Internal TCP/UDP Load Balancing is a regional load balancer that enables you to run and scale your services behind a private load balancing IP address that is accessible only to your internal virtual machine instances.
Google Cloud Platform (GCP) Internal TCP/UDP Load Balancing distributes traffic among VM instances in the same region in a VPC network using a private, internal (RFC 1918) IP address.
As shown in the following high-level diagram, an Internal TCP/UDP Load Balancing service has a frontend (the forwarding rule) and a backend (the backend service and instance groups).
Protocols, scheme, and scope
Each internal TCP/UDP load balancer supports either TCP or UDP traffic (not both).
An internal TCP/UDP load balancer uses a single backend service with an internal load balancing scheme, meaning that it balances traffic within GCP across your instances. You cannot use it to balance traffic that originates from the internet.
The scope of an internal TCP/UDP load balancer is regional, not global. This means that an internal TCP/UDP load balancer cannot span multiple regions. Within a single region, the load balancer services all zones. See Regions and Zones.
You can access an internal TCP/UDP load balancer in your VPC network from a connected network, using:
- VPC Network Peering
- Cloud VPN and Cloud Interconnect
For detailed examples, see Internal TCP/UDP Load Balancing and Connected Networks.
Three-tier web service example
You can use Internal TCP/UDP Load Balancing in conjunction with other load balancers, such as HTTP(S) load balancers, where your web tier uses the external load balancer, which then relies on services behind the internal load balancer.
The following diagram depicts an example of a three-tier configuration using external HTTP(S) and internal TCP/UDP load balancers:
How Internal TCP/UDP Load Balancing works
Internal TCP/UDP Load Balancing has the following characteristics:
- The load balancer is a managed service.
- The load balancer is not a proxy.
- It's implemented in virtual networking.
- There's no intermediate device or single point of failure.
- Responses from the backend VMs go directly to the clients, not back through the load balancer.

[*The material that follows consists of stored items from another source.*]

lemma diff_mult_le:
  assumes "s \<in> K" "t \<in> K"
  shows "N (\<lambda>x. g x - t * h x) \<le> N (\<lambda>x. g x - s * h x) + cmod (t - s) * N h"
proof -
  have "N (\<lambda>x. g x - t * h x) = N (\<lambda>x. (g x - s * h x) + (s - t) * h x)"
    by (simp add: algebra_simps)
  also have "\<dots> \<le> N (\<lambda>x. g x - s * h x) + N (\<lambda>x. (s - t) * h x)" by (rule triangle)
  also have "N (\<lambda>x. (s - t) * h x) = cmod (t - s) * N h"
    using homogeneous[of "s - t" h] assms scalars_closed by (simp add: norm_minus_commute)
  finally show ?thesis .
qed

lemma mult_le_add: "cmod t * N h \<le> N g + N (\<lambda>x. g x - t * h x)" if "t \<in> K"
proof -
  have "cmod t * N h = N (\<lambda>x. g x + (-1) * (g x - t * h x))"
    using homogeneous[OF that, of h] by (simp add: algebra_simps)
  also have "\<dots> \<le> N g + N (\<lambda>x. (-1) * (g x - t * h x))" by (rule triangle)
  also have "N (\<lambda>x. (-1) * (g x - t * h x)) = cmod (-1) * N (\<lambda>x. g x - t * h x)"
    by (rule homogeneous) (rule scalars_closed)
  finally show ?thesis by simp
qed

lemma exists_best_multiple: "\<exists>t0\<in>K. \<forall>t\<in>K. N (\<lambda>x. g x - t0 * h x) \<le> N (\<lambda>x. g x - t * h x)"
proof -
  define F where "F t = N (\<lambda>x. g x - t * h x)" for t
  have F0: "F 0 = N g" unfolding F_def by simp
  show ?thesis
  proof (cases "N h = 0")
    case True
    have "F 0 \<le> F t" if "t \<in> K" for t
      using diff_mult_le[of t 0 g h] that scalars_closed(1) True unfolding F_def by simp
    then show ?thesis using scalars_closed(1) unfolding F_def by blast
  next
    case False
    then have Nh: "N h > 0" using nonneg[of h] by simp
    \<comment> \<open>outside the ball of radius \<open>2 F 0 / N h\<close> the function \<open>F\<close> exceeds \<open>F 0\<close>\<close>
    define S where "S = K \<inter> cball 0 (2 * F 0 / N h)"
    have "compact S"
      unfolding S_def by (intro closed_Int_compact closed_real_or_complex scalars compact_cball)
    moreover have "0 \<in> S" unfolding S_def F_def using scalars_closed Nh nonneg by simp
    moreover have "(N h)-lipschitz_on K F"
    proof (rule lipschitz_onI)
      fix s t assume "s \<in> K" "t \<in> K"
      then show "dist (F s) (F t) \<le> N h * dist s t"
        using diff_mult_le[of s t] diff_mult_le[of t s] unfolding F_def dist_real_def dist_norm
        by (simp add: abs_le_iff norm_minus_commute algebra_simps)
    qed (use Nh in simp)
    then have "continuous_on S F"
      unfolding S_def by (rule continuous_on_subset[OF lipschitz_on_continuous_on]) simp
    ultimately obtain t0 where t0: "t0 \<in> S" "\<And>t. t \<in> S \<Longrightarrow> F t0 \<le> F t"
      using continuous_attains_inf[of S F] by blast
    have "F t0 \<le> F t" if t: "t \<in> K" for t
    proof (cases "t \<in> S")
      case False
      then have "2 * F 0 < cmod t * N h" using t Nh by (auto simp: S_def not_le divide_less_eq)
      also have "\<dots> \<le> F 0 + F t" using mult_le_add[OF t] F0 unfolding F_def by simp
      finally show ?thesis using t0 \<open>0 \<in> S\<close> by fastforce
    qed (use t0 in blast)
    then show ?thesis using t0 unfolding S_def F_def by blast
  qed
qed

lemma best_residual_seminorm:
  assumes best: "\<And>g. (\<forall>i<m. a g i \<in> K) \<and> (\<forall>b. (\<forall>i<m. b i \<in> K) \<longrightarrow>
      N (\<lambda>x. g x - (\<Sum>i<m. a g i * phi i x)) \<le> N (\<lambda>x. g x - (\<Sum>i<m. b i * phi i x)))"
  shows "scalar_seminorm K (\<lambda>g. N (\<lambda>x. g x - (\<Sum>i<m. a g i * phi i x)))"
proof (rule scalar_seminormI[OF scalars])
  define G where "G g = N (\<lambda>x. g x - (\<Sum>i<m. a g i * phi i x))" for g
  have G_le: "G g \<le> N (\<lambda>x. g x - (\<Sum>i<m. b i * phi i x))" if "\<forall>i<m. b i \<in> K" for g b
    using best[of g] that unfolding G_def by auto
  have aK: "a g i \<in> K" if "i < m" for g i using best[of g] that by blast
  fix g h
  have "G (\<lambda>x. g x + h x) \<le> N (\<lambda>x. (g x + h x) - (\<Sum>i<m. (a g i + a h i) * phi i x))"
    by (rule G_le) (simp add: aK scalars_closed)
  also have "\<dots> = N (\<lambda>x. (g x - (\<Sum>i<m. a g i * phi i x)) + (h x - (\<Sum>i<m. a h i * phi i x)))"
    by (simp add: algebra_simps sum.distrib)
  also have "\<dots> \<le> G g + G h" unfolding G_def by (rule triangle)
  finally show "G (\<lambda>x. g x + h x) \<le> G g + G h" .
  fix z assume z: "z \<in> K"
  have "G (\<lambda>x. z * g x) \<le> N (\<lambda>x. z * g x - (\<Sum>i<m. (z * a g i) * phi i x))"
    by (rule G_le) (simp add: aK z scalars_closed)
  also have "\<dots> = N (\<lambda>x. z * (g x - (\<Sum>i<m. a g i * phi i x)))"
    by (simp add: algebra_simps sum_distrib_left)
  also have "\<dots> = cmod z * G g" unfolding G_def by (rule homogeneous[OF z])
  finally show "G (\<lambda>x. z * g x) \<le> cmod z * G g" .
qed (rule nonneg)

lemma exists_best_approximation:
  fixes m :: nat and phi :: "nat \<Rightarrow> complex \<Rightarrow> complex"
  shows "\<exists>a. (\<forall>i<m. a i \<in> K) \<and> (\<forall>b. (\<forall>i<m. b i \<in> K) \<longrightarrow>
      N (\<lambda>x. g x - (\<Sum>i<m. a i * phi i x)) \<le> N (\<lambda>x. g x - (\<Sum>i<m. b i * phi i x)))"
proof (induction m arbitrary: g)
  case 0
  show ?case by simp
next
  case (Suc m)
  define a where "a g = (SOME a. (\<forall>i<m. a i \<in> K) \<and> (\<forall>b. (\<forall>i<m. b i \<in> K) \<longrightarrow>
      N (\<lambda>x. g x - (\<Sum>i<m. a i * phi i x)) \<le> N (\<lambda>x. g x - (\<Sum>i<m. b i * phi i x))))" for g
  have best: "(\<forall>i<m. a g i \<in> K) \<and> (\<forall>b. (\<forall>i<m. b i \<in> K) \<longrightarrow>
      N (\<lambda>x. g x - (\<Sum>i<m. a g i * phi i x)) \<le> N (\<lambda>x. g x - (\<Sum>i<m. b i * phi i x)))" for g
    unfolding a_def by (rule someI_ex[OF Suc.IH])
  define G where "G g = N (\<lambda>x. g x - (\<Sum>i<m. a g i * phi i x))" for g
  interpret G: scalar_seminorm K G
    unfolding G_def by (rule best_residual_seminorm[OF best])
  \<comment> \<open>minimise first over the last coefficient, with the others chosen optimally\<close>
  obtain t0 where t0: "t0 \<in> K" "\<And>t. t \<in> K \<Longrightarrow> G (\<lambda>x. g x - t0 * phi m x) \<le> G (\<lambda>x. g x - t * phi m x)"
    using G.exists_best_multiple by blast
  define a' where "a' i = (if i = m then t0 else a (\<lambda>x. g x - t0 * phi m x) i)" for i
  show ?case
  proof (intro exI[of _ a'] conjI allI impI)
    fix i assume "i < Suc m" then show "a' i \<in> K" using best t0 unfolding a'_def by auto
  next
    fix b assume b: "\<forall>i<Suc m. b i \<in> K"
    have "N (\<lambda>x. g x - (\<Sum>i<Suc m. a' i * phi i x)) = G (\<lambda>x. g x - t0 * phi m x)"
      unfolding G_def a'_def by (simp add: algebra_simps)
    also have "\<dots> \<le> G (\<lambda>x. g x - b m * phi m x)" using t0 b by simp
    also have "\<dots> \<le> N (\<lambda>x. (g x - b m * phi m x) - (\<Sum>i<m. b i * phi i x))"
      using best[of "\<lambda>x. g x - b m * phi m x"] b unfolding G_def by simp
    also have "\<dots> = N (\<lambda>x. g x - (\<Sum>i<Suc m. b i * phi i x))" by (simp add: algebra_simps)
    finally show "N (\<lambda>x. g x - (\<Sum>i<Suc m. a' i * phi i x)) \<le> N (\<lambda>x. g x - (\<Sum>i<Suc m. b i * phi i x))" .
  qed
qed

end


section \<open>Conjugate transpose and unitary matrices\<close>

lemma index_mult_mat_sum:
  assumes "A \<in> carrier_mat n m" "B \<in> carrier_mat m p" "i < n" "j < p"
  shows "(A * B) $$ (i,j) = (\<Sum>l<m. A $$ (i,l) * B $$ (l,j))"
  using assms by (simp add: scalar_prod_def lessThan_atLeast0)

lemma index_mult_mat_vec_sum:
  assumes "A \<in> carrier_mat n m" "v \<in> carrier_vec m" "i < n"
  shows "(A *\<^sub>v v) $ i = (\<Sum>l<m. A $$ (i,l) * v $ l)"
  using assms by (simp add: scalar_prod_def lessThan_atLeast0)

lemma mult_carrier_mat_square [simp]:
  "A \<in> carrier_mat n n \<Longrightarrow> B \<in> carrier_mat n n \<Longrightarrow> A * B \<in> carrier_mat n n"
  by auto

lemma ctrans_carrier [simp]: "A \<in> carrier_mat n m \<Longrightarrow> ctrans A \<in> carrier_mat m n"
  unfolding ctrans_def by auto

lemma ctrans_dim [simp]: "dim_row (ctrans A) = dim_col A" "dim_col (ctrans A) = dim_row A"
  unfolding ctrans_def by auto

lemma index_ctrans [simp]: "i < dim_col A \<Longrightarrow> j < dim_row A \<Longrightarrow> ctrans A $$ (i,j) = cnj (A $$ (j,i))"
  unfolding ctrans_def by auto

lemma ctrans_ctrans [simp]: "ctrans (ctrans A) = A"
  by (rule eq_matI) auto

lemma ctrans_mult:
  assumes "A \<in> carrier_mat n m" "B \<in> carrier_mat m p"
  shows "ctrans (A * B) = ctrans B * ctrans A"
proof (rule eq_matI)
  fix i j assume "i < dim_row (ctrans B * ctrans A)" "j < dim_col (ctrans B * ctrans A)"
  then have i: "i < p" and j: "j < n" using assms by auto
  have "ctrans (A * B) $$ (i,j) = (\<Sum>l<m. cnj (A $$ (j,l)) * cnj (B $$ (l,i)))"
    using index_mult_mat_sum[OF assms j i] i j assms by simp
  also have "\<dots> = (ctrans B * ctrans A) $$ (i,j)"
    using assms i j by (subst index_mult_mat_sum[of _ p m _ n]) (auto simp: mult.commute)
  finally show "ctrans (A * B) $$ (i,j) = (ctrans B * ctrans A) $$ (i,j)" .
qed (use assms in auto)

lemma unitary_mat_carrier: "unitary_mat n Q \<Longrightarrow> Q \<in> carrier_mat n n"
  unfolding unitary_mat_def by auto

lemma unitary_mat_inverse:
  "unitary_mat n Q \<Longrightarrow> Q * ctrans Q = 1\<^sub>m n" "unitary_mat n Q \<Longrightarrow> ctrans Q * Q = 1\<^sub>m n"
  unfolding unitary_mat_def by auto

Unlike a device-based or instance-based load balancer, Internal TCP/UDP Load Balancing doesn't terminate connections from clients. Instead of traffic being sent to a load balancer then onto backends, traffic is sent to the backends directly. The GCP Linux or Windows guest environment configures each backend VM with the IP address of the load balancer, and GCP virtual networking manages traffic delivery, scaling as appropriate.
An internal TCP/UDP load balancer with multiple backend instance groups distributes connections among backends VMs in all of those instance groups. Refer to traffic distribution for details about the distribution method and its configuration options.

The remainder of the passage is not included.